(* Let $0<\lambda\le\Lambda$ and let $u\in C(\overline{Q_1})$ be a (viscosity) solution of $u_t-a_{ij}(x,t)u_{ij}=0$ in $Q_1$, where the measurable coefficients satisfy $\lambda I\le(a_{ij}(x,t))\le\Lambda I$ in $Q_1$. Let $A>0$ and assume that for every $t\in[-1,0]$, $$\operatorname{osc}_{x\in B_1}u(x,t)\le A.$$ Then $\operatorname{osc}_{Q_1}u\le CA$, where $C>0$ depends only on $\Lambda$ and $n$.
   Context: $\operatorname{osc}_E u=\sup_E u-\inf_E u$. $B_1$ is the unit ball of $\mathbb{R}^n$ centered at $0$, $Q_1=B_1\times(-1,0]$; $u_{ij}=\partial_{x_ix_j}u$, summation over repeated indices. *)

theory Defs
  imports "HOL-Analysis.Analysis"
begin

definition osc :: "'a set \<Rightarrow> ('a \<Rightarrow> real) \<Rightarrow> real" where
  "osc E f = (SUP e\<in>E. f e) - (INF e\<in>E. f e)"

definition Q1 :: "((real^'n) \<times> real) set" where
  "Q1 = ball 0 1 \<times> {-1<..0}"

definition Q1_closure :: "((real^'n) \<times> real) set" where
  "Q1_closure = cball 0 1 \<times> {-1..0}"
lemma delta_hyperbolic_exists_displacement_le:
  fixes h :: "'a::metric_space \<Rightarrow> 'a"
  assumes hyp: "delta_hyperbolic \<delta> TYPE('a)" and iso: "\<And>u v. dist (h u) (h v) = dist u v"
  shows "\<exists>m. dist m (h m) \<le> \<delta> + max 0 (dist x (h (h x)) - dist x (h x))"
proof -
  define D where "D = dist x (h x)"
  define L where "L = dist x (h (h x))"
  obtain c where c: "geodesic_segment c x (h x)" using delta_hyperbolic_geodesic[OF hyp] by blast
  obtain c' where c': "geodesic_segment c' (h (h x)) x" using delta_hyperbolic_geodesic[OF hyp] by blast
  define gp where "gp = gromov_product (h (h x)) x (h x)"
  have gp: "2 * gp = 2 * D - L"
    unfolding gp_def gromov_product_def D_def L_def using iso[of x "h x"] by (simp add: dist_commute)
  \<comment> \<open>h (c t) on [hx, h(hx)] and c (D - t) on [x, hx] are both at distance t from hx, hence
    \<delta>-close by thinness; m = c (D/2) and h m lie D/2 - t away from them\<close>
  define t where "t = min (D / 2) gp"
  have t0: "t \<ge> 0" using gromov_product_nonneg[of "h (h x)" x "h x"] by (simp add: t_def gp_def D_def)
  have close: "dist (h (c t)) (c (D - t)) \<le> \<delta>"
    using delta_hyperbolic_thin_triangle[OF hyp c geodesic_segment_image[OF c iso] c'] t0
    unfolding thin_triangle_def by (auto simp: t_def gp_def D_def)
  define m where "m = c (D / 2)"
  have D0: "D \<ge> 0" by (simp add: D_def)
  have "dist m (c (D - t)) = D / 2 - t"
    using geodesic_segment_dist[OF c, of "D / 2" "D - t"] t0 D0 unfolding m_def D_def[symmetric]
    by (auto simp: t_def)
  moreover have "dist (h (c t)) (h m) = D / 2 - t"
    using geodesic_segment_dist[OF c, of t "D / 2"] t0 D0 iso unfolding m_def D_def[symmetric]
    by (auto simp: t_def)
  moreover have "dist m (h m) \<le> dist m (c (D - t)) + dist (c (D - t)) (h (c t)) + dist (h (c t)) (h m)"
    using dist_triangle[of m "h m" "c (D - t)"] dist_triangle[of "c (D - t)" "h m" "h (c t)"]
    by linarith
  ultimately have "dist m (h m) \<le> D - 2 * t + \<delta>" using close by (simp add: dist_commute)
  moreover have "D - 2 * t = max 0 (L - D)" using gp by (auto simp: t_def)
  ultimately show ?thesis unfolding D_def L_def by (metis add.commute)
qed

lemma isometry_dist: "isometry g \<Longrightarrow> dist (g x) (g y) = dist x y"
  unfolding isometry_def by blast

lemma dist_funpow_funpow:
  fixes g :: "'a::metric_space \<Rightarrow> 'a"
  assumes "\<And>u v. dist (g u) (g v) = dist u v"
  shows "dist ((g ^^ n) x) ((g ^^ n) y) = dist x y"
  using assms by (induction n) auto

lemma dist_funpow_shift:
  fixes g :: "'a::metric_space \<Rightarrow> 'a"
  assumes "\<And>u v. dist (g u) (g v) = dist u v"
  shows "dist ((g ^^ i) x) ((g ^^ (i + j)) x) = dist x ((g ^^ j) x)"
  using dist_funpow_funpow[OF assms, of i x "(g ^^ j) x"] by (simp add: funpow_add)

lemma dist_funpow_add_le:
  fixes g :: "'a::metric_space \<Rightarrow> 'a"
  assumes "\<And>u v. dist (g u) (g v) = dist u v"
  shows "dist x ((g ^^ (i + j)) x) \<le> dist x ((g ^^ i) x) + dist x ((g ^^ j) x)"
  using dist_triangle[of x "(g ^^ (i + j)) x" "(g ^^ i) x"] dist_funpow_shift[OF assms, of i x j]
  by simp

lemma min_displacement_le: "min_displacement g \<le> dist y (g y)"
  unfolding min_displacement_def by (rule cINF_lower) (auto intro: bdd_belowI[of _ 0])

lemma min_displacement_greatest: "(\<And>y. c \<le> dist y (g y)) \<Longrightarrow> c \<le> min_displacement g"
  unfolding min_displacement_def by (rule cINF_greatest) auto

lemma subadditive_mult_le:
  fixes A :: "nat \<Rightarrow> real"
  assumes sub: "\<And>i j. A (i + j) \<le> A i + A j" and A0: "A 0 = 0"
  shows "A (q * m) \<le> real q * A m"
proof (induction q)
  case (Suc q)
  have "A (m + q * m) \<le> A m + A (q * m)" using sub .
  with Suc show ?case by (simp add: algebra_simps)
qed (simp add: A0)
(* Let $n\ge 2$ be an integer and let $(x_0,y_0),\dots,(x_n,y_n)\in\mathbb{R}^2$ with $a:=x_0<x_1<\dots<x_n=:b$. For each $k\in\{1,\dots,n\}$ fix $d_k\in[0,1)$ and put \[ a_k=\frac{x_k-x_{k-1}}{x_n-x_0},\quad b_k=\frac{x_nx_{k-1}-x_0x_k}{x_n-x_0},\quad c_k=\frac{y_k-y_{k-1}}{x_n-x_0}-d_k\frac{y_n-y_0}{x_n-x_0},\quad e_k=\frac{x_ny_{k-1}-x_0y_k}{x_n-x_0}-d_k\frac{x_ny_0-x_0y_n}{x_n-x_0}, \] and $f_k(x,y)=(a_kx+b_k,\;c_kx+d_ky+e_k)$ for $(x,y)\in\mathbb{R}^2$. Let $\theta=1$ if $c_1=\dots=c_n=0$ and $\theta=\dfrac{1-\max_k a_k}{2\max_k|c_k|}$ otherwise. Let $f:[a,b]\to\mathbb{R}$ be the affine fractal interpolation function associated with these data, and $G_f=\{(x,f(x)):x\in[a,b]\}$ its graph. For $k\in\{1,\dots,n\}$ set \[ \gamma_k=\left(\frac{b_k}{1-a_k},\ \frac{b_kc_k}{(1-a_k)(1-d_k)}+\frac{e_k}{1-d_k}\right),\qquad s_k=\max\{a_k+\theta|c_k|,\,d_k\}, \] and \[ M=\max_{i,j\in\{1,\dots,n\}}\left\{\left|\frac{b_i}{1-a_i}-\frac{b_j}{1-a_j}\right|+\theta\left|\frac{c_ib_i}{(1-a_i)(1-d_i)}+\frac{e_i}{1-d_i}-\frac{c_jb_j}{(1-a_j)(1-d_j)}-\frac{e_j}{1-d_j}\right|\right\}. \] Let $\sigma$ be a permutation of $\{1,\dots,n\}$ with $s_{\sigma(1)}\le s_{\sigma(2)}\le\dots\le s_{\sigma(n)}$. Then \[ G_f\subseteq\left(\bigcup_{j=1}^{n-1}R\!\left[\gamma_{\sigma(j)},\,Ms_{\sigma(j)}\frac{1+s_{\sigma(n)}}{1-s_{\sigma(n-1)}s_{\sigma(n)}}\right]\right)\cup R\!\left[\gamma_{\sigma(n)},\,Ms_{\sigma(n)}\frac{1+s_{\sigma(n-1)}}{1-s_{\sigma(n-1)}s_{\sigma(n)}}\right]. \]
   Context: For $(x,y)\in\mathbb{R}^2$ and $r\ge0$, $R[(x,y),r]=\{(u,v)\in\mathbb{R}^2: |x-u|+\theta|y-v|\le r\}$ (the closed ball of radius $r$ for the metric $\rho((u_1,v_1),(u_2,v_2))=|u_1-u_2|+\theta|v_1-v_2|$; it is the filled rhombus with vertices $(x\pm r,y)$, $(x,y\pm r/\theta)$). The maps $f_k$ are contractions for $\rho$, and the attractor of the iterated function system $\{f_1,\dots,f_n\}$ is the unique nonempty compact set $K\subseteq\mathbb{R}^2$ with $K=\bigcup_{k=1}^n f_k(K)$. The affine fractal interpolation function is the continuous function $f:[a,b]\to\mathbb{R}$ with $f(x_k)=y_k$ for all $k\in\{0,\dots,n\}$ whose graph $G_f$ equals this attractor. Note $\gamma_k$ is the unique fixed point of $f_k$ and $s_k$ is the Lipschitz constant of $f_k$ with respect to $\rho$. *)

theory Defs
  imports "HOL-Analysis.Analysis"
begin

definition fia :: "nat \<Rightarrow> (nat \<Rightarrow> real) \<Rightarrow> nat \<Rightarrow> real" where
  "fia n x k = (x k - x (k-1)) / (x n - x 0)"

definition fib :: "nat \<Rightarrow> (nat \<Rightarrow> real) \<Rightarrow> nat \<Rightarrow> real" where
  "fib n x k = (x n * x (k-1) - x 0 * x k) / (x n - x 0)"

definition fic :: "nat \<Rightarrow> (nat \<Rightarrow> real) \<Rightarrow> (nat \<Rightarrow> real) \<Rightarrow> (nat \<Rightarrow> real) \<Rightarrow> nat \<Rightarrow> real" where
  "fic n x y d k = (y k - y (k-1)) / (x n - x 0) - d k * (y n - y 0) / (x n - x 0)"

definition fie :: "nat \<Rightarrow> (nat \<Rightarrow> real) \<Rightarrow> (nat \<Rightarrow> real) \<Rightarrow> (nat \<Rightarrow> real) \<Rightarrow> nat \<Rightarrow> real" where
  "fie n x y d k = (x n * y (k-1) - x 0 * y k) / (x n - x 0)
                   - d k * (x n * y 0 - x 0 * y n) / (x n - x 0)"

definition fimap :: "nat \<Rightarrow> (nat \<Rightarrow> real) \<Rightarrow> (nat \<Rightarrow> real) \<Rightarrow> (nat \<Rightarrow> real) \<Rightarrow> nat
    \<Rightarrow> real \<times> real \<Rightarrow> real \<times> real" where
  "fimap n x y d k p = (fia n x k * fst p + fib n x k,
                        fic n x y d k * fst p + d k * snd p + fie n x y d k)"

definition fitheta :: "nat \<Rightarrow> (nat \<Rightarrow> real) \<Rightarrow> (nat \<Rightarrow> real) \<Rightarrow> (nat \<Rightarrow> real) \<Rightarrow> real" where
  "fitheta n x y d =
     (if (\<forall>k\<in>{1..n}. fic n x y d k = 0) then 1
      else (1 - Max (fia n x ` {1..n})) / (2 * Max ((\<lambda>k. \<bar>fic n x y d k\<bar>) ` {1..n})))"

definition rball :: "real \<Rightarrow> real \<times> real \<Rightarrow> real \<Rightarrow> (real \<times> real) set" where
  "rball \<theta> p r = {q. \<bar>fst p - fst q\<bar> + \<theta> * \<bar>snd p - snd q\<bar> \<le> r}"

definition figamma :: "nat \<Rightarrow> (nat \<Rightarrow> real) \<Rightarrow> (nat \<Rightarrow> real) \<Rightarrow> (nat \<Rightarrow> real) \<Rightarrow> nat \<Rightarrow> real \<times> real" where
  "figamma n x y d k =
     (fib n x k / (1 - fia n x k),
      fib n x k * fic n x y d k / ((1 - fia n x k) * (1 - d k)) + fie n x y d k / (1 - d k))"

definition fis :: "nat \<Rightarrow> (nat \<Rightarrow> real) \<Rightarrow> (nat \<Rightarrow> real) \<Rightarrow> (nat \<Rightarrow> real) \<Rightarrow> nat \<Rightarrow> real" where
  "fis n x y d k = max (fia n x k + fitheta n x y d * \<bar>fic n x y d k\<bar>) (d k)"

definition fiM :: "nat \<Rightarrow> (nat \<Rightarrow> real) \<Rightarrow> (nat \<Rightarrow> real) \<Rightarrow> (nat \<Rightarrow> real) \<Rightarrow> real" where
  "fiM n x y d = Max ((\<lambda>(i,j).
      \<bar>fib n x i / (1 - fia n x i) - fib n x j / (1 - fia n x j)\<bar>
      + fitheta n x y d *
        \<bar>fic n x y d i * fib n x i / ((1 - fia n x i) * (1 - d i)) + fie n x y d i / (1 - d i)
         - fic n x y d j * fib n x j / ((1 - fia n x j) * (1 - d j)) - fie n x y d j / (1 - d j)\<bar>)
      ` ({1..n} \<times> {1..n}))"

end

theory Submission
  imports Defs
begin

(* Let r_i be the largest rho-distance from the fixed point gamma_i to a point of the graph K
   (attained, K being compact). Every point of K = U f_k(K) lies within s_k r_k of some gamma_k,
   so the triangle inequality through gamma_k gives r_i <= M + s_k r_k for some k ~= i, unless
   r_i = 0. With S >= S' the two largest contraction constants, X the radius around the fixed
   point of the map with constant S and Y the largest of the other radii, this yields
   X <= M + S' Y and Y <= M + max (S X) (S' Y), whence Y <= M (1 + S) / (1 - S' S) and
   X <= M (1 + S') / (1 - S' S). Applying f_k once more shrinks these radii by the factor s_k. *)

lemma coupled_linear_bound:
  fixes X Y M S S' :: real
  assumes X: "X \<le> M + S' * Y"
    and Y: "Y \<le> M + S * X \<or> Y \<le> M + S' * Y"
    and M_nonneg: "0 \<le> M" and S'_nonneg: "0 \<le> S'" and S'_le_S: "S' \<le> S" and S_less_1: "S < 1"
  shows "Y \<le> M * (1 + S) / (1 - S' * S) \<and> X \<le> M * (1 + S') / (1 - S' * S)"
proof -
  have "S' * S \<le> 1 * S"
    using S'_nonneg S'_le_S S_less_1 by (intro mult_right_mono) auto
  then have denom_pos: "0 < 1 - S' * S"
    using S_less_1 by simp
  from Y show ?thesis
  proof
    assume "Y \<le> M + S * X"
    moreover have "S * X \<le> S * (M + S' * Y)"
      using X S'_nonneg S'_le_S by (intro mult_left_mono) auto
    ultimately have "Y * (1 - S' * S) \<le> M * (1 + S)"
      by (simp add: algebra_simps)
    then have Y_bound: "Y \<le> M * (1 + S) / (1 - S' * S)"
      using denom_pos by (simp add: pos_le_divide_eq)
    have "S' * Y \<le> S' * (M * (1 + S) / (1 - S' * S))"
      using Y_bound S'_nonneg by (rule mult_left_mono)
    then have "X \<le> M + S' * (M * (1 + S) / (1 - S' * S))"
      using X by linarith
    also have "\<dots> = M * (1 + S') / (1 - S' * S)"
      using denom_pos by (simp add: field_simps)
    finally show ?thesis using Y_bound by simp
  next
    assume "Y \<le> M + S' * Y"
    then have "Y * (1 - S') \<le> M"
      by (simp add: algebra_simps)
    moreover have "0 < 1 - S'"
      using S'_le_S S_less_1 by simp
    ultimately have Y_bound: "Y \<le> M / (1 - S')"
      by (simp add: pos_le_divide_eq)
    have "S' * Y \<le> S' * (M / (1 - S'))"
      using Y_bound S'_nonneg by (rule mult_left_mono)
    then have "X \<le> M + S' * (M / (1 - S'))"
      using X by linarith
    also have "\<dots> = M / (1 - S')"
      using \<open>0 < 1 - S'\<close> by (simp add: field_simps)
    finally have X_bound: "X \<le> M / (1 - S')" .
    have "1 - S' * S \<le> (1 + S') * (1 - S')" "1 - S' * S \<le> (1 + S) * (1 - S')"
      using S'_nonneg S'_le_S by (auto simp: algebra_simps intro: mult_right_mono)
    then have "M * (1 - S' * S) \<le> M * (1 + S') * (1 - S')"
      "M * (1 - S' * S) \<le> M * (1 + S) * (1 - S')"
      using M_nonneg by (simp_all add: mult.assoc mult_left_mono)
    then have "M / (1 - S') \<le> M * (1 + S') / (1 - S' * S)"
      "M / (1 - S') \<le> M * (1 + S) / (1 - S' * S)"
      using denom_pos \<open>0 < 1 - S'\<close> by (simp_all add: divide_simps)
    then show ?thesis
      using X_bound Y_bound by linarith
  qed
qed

########

Instructions to follow: Nothing but a number is wanted here: the count of lines in the listing with the word "thesis".

Answer space: 4